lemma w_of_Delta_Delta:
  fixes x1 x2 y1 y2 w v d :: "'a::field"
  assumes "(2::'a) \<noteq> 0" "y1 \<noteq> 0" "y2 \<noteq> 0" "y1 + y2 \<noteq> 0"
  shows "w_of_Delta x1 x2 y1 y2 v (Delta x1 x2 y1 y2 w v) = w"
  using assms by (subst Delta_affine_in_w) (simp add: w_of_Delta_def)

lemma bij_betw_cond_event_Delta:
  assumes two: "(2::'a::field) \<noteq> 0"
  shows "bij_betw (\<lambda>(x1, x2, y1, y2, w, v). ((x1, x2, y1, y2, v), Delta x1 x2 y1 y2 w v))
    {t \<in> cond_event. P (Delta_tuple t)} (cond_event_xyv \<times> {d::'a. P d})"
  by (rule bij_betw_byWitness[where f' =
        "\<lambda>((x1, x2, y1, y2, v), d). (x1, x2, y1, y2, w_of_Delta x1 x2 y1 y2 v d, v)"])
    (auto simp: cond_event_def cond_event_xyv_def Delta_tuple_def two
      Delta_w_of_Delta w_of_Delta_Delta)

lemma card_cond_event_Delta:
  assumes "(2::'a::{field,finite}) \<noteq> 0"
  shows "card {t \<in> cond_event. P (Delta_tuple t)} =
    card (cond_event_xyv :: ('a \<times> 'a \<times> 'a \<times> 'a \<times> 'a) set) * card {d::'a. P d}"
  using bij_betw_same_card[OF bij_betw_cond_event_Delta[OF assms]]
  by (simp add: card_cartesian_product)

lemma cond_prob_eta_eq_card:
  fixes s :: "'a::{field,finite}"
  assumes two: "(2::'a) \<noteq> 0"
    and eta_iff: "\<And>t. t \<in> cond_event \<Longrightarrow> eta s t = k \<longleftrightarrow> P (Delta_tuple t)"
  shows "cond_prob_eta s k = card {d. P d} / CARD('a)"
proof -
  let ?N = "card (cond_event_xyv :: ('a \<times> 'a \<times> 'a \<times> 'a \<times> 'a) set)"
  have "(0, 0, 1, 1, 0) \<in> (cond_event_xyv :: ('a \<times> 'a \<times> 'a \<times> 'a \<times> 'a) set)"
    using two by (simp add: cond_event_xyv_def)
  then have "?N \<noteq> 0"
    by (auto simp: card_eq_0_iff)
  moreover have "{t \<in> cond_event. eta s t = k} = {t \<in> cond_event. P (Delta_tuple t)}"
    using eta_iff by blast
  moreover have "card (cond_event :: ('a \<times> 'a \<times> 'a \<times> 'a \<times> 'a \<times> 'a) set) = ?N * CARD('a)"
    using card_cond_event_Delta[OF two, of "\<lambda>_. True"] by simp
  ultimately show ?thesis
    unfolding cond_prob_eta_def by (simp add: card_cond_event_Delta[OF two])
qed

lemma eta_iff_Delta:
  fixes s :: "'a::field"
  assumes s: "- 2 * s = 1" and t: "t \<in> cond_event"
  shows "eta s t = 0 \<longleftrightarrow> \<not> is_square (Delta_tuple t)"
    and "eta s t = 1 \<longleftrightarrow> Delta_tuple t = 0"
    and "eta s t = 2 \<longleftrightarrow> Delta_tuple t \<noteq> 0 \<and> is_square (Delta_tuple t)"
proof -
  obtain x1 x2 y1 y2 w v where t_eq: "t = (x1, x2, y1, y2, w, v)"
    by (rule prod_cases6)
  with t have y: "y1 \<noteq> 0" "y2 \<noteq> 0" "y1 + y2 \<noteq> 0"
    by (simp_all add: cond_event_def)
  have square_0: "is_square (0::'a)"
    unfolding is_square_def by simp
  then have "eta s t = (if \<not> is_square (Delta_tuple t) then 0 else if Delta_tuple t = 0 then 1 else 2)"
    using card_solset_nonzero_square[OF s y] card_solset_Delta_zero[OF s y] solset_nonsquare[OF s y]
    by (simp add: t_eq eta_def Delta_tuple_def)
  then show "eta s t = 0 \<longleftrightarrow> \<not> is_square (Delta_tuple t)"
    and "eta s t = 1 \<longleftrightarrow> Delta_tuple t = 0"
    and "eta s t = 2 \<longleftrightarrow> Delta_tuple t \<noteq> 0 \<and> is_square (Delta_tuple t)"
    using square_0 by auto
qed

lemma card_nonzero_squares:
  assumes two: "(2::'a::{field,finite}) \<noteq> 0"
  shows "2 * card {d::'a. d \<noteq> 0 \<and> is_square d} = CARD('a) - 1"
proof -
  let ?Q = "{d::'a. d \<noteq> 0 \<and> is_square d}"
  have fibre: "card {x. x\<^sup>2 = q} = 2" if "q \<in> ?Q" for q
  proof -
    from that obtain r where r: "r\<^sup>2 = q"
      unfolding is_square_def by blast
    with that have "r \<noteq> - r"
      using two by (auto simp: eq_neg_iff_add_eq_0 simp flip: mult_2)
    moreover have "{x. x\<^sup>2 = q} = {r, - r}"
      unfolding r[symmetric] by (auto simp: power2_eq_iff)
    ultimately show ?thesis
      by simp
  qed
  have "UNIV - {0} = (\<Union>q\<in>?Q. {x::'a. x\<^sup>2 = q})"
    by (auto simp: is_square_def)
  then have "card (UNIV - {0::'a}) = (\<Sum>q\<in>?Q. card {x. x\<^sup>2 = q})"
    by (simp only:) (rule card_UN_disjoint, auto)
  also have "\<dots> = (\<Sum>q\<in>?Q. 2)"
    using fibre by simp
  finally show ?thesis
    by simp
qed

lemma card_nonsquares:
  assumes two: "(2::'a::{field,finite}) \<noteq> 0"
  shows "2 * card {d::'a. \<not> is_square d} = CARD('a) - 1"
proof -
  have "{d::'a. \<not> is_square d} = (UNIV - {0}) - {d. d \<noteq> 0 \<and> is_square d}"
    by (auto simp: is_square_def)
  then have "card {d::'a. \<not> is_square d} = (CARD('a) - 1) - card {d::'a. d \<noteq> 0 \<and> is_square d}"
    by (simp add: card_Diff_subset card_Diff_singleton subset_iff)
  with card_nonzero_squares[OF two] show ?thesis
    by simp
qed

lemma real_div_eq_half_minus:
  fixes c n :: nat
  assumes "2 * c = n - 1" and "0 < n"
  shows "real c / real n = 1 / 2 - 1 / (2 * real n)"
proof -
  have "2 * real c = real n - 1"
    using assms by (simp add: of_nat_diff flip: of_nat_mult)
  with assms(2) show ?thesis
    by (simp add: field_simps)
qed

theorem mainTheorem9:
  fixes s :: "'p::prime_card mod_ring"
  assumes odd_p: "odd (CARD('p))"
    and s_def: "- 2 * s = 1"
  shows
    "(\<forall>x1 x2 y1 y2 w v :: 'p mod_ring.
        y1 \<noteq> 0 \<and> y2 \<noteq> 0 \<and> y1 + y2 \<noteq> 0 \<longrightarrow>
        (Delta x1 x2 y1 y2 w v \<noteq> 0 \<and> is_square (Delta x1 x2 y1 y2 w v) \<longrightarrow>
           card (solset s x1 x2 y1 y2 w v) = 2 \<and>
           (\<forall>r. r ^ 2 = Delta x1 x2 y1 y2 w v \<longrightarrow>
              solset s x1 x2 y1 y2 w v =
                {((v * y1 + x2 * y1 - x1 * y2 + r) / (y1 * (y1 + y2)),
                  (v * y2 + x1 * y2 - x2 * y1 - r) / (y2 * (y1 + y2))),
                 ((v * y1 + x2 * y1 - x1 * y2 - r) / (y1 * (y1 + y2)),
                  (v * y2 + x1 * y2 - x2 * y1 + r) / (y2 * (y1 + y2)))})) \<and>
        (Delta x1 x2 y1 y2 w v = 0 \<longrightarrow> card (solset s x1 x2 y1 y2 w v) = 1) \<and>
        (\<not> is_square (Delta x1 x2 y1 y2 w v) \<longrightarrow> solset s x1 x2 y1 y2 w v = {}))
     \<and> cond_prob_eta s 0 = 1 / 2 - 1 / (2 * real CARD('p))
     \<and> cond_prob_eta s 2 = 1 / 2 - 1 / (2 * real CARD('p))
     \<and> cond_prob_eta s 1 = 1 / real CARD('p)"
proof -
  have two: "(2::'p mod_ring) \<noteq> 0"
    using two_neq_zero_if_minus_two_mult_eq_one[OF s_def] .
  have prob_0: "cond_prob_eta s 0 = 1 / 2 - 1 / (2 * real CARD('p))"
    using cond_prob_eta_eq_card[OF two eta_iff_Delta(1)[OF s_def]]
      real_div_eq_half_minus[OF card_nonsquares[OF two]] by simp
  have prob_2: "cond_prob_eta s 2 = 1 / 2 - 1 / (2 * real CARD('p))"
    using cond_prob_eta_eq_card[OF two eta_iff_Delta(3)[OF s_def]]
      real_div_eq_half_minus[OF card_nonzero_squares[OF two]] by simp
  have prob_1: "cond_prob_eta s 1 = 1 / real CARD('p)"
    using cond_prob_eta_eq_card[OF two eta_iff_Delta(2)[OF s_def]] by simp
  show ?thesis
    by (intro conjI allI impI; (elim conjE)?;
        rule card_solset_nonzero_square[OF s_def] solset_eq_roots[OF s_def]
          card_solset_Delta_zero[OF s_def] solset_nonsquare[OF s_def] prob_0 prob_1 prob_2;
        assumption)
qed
■ ■ ■ ■ ■
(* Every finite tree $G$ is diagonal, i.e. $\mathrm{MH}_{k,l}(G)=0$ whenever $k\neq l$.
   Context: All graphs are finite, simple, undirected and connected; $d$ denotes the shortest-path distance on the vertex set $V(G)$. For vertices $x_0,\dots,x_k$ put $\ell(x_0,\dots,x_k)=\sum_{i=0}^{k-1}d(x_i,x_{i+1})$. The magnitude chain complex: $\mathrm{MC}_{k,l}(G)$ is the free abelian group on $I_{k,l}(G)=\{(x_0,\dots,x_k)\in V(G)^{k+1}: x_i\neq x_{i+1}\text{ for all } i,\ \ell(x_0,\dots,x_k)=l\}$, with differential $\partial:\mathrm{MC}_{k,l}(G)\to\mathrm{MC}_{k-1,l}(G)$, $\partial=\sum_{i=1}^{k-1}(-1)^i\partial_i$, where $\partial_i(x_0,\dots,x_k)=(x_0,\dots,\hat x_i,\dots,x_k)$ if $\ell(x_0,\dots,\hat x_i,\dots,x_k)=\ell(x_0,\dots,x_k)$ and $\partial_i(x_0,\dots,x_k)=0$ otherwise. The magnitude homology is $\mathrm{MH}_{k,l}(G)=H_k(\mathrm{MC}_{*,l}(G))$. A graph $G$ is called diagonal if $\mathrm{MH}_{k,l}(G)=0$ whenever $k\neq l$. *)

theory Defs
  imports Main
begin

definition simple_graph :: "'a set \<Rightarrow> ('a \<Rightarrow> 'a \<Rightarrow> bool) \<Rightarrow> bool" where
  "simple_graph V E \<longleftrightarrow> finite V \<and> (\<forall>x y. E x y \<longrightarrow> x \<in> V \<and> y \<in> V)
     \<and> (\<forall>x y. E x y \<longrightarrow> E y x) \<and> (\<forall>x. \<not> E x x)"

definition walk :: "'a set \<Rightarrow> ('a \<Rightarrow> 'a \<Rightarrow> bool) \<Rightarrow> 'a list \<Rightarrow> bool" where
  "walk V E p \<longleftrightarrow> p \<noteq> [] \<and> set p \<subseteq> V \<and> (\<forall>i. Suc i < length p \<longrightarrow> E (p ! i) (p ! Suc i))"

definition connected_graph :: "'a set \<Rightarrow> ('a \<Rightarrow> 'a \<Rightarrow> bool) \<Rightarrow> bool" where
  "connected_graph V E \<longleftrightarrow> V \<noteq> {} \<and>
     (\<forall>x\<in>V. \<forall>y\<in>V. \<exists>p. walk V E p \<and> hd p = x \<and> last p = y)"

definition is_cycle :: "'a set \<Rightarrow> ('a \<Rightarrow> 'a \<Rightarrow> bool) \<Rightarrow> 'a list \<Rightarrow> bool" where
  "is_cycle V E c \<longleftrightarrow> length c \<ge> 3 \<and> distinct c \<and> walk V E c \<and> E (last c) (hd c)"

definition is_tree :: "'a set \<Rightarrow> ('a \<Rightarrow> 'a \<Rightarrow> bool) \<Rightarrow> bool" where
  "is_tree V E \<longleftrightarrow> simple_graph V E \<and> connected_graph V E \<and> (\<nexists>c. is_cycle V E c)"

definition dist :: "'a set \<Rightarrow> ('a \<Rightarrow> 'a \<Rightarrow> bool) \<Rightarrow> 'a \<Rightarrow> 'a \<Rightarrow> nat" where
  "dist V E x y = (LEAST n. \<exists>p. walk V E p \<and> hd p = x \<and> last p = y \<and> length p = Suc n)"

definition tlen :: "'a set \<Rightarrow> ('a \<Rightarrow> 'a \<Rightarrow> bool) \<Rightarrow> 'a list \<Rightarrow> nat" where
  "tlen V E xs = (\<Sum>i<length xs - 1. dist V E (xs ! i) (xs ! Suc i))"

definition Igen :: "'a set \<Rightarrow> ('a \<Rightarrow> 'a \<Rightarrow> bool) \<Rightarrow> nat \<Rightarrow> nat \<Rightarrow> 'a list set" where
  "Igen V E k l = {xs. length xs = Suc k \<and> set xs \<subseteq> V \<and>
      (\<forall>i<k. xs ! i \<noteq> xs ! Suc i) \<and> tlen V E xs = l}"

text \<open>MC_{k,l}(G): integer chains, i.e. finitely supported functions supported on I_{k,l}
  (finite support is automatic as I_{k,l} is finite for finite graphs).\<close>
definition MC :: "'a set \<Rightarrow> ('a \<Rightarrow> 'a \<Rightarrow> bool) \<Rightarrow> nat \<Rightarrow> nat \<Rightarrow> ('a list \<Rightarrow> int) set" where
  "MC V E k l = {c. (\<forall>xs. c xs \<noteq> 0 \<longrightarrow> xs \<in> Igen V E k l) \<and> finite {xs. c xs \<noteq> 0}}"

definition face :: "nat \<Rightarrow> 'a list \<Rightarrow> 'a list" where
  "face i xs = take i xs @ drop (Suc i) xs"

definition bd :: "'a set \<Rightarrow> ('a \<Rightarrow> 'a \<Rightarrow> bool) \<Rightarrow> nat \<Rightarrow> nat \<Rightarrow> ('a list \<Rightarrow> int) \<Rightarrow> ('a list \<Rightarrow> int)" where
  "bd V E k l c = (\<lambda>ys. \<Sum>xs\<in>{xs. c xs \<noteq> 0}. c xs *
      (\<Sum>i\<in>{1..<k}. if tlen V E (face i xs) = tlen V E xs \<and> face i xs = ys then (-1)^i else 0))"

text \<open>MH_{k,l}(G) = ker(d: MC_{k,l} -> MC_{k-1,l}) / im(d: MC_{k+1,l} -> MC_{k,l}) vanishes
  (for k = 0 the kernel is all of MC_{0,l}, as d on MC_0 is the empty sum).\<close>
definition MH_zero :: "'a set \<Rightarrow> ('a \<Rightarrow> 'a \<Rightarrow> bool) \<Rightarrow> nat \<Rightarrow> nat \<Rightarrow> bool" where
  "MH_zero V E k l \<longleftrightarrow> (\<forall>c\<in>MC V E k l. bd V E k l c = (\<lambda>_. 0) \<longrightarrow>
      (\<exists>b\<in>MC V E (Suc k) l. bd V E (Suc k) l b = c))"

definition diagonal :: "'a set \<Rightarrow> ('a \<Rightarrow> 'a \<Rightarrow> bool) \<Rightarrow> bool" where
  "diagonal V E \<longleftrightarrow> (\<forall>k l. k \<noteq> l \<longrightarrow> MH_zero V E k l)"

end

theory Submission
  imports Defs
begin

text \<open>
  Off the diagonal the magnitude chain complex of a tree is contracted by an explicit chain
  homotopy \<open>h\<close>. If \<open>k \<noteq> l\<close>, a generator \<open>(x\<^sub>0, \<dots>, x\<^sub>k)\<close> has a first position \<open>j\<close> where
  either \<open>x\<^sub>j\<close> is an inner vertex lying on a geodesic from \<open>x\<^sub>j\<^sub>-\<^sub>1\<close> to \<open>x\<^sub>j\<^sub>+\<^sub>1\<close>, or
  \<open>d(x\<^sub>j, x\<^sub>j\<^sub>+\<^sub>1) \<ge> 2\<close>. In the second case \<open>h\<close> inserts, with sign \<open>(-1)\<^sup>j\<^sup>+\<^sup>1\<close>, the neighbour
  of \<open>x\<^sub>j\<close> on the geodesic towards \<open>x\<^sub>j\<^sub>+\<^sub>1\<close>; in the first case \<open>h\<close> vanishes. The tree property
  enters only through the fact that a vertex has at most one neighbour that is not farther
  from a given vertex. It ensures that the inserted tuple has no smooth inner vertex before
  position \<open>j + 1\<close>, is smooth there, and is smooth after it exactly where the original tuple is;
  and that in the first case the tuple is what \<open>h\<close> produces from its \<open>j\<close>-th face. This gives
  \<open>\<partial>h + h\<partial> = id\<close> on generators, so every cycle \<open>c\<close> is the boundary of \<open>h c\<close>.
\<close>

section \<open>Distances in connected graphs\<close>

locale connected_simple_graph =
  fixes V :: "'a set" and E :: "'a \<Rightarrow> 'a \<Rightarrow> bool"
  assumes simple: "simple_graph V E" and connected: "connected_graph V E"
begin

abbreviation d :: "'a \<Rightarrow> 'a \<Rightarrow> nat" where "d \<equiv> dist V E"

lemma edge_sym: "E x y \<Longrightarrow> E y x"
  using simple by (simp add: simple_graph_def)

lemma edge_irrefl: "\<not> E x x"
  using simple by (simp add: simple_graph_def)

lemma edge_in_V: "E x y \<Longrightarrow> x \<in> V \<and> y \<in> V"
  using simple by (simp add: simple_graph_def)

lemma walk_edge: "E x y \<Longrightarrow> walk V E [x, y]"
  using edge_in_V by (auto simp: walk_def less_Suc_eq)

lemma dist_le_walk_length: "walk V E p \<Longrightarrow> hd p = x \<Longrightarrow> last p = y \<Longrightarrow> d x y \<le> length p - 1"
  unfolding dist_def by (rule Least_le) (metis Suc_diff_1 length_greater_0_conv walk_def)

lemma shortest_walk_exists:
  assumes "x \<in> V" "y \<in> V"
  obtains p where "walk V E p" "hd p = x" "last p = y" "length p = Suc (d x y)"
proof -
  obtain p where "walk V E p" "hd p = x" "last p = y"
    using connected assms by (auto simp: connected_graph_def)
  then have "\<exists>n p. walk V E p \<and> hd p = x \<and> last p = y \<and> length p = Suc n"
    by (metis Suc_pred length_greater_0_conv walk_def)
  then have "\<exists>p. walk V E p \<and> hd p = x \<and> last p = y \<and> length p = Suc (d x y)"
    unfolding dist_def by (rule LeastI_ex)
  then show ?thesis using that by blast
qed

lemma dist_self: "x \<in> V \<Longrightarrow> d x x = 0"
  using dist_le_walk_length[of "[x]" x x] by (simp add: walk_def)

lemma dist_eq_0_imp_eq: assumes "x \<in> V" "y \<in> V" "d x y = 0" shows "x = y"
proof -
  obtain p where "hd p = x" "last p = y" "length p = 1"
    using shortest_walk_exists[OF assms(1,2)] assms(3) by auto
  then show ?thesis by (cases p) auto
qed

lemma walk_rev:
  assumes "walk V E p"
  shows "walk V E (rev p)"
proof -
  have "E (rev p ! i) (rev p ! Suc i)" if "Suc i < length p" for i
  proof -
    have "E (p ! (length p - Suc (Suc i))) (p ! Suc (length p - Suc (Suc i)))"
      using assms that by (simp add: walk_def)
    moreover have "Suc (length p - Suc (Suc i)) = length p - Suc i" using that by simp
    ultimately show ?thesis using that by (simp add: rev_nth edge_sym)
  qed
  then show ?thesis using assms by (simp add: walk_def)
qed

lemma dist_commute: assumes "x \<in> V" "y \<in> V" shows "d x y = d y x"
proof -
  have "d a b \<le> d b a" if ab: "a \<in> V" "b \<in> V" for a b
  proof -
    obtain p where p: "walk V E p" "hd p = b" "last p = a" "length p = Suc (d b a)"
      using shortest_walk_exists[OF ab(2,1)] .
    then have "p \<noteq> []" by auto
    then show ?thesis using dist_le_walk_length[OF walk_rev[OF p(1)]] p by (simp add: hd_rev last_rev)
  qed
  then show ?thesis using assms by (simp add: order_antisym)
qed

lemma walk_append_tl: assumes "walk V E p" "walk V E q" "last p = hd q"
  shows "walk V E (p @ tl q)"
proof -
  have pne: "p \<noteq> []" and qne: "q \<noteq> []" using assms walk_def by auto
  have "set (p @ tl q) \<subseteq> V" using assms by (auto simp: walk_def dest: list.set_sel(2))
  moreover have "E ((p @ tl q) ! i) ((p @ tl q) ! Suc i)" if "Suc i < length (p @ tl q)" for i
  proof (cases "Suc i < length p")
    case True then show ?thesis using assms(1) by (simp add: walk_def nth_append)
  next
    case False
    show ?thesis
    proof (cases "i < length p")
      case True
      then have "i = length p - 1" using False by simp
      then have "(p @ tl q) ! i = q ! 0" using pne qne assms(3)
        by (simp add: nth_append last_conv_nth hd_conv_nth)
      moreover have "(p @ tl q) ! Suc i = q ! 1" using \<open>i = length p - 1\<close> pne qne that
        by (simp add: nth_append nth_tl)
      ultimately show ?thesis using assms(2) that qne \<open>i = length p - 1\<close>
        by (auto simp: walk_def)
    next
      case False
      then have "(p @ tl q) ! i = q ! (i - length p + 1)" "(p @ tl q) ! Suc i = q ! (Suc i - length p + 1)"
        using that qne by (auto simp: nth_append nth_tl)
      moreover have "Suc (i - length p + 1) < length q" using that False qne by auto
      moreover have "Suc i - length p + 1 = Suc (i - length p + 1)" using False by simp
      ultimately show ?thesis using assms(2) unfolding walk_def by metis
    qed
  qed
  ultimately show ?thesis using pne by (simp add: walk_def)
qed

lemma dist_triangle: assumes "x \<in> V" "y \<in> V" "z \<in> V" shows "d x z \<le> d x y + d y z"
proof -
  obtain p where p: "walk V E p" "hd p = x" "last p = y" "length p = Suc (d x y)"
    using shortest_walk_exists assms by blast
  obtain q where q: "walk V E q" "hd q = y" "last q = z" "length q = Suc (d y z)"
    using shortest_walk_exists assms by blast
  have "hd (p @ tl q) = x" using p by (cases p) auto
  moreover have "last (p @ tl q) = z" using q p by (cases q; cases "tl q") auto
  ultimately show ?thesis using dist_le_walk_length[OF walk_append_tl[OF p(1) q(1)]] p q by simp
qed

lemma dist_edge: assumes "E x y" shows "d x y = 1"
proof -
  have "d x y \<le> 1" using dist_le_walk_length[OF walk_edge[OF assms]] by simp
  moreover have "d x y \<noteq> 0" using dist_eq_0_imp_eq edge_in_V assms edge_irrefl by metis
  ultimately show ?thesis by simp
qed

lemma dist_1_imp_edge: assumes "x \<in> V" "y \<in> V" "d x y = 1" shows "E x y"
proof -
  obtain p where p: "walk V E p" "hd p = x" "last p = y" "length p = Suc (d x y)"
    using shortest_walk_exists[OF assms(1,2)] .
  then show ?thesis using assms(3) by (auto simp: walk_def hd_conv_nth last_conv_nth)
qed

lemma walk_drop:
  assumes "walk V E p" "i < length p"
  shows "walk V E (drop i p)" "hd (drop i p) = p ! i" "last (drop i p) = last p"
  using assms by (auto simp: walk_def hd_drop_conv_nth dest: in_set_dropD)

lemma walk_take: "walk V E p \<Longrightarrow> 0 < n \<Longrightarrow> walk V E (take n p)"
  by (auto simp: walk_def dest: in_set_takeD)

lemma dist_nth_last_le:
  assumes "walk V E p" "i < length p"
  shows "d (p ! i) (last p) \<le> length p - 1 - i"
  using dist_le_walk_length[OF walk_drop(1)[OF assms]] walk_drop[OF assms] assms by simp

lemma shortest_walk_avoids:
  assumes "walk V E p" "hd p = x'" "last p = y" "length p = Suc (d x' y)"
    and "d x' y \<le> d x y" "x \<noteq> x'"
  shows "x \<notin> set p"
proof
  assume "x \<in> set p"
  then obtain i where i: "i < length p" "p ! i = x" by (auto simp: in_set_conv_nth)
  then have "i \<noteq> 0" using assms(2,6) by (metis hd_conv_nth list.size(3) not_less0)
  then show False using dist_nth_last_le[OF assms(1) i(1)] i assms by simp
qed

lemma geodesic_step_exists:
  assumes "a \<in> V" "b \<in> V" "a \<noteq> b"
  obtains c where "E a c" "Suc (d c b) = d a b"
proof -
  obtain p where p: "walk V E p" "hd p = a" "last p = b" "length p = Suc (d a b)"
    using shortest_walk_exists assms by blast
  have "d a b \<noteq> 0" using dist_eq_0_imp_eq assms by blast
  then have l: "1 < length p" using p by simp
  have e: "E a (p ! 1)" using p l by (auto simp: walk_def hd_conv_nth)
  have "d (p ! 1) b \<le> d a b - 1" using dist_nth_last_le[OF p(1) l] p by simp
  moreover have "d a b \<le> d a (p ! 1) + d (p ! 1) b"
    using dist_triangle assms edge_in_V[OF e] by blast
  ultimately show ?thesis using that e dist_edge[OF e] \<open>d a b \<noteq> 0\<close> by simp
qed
■ ■ ■ ■ ■
> [Exercise]: Search the data above for lines holding "neighbour" and copy each of them.

> [Exercise result]:
  \<open>d(x\<^sub>j, x\<^sub>j\<^sub>+\<^sub>1) \<ge> 2\<close>. In the second case \<open>h\<close> inserts, with sign \<open>(-1)\<^sup>j\<^sup>+\<^sup>1\<close>, the neighbour
  enters only through the fact that a vertex has at most one neighbour that is not farther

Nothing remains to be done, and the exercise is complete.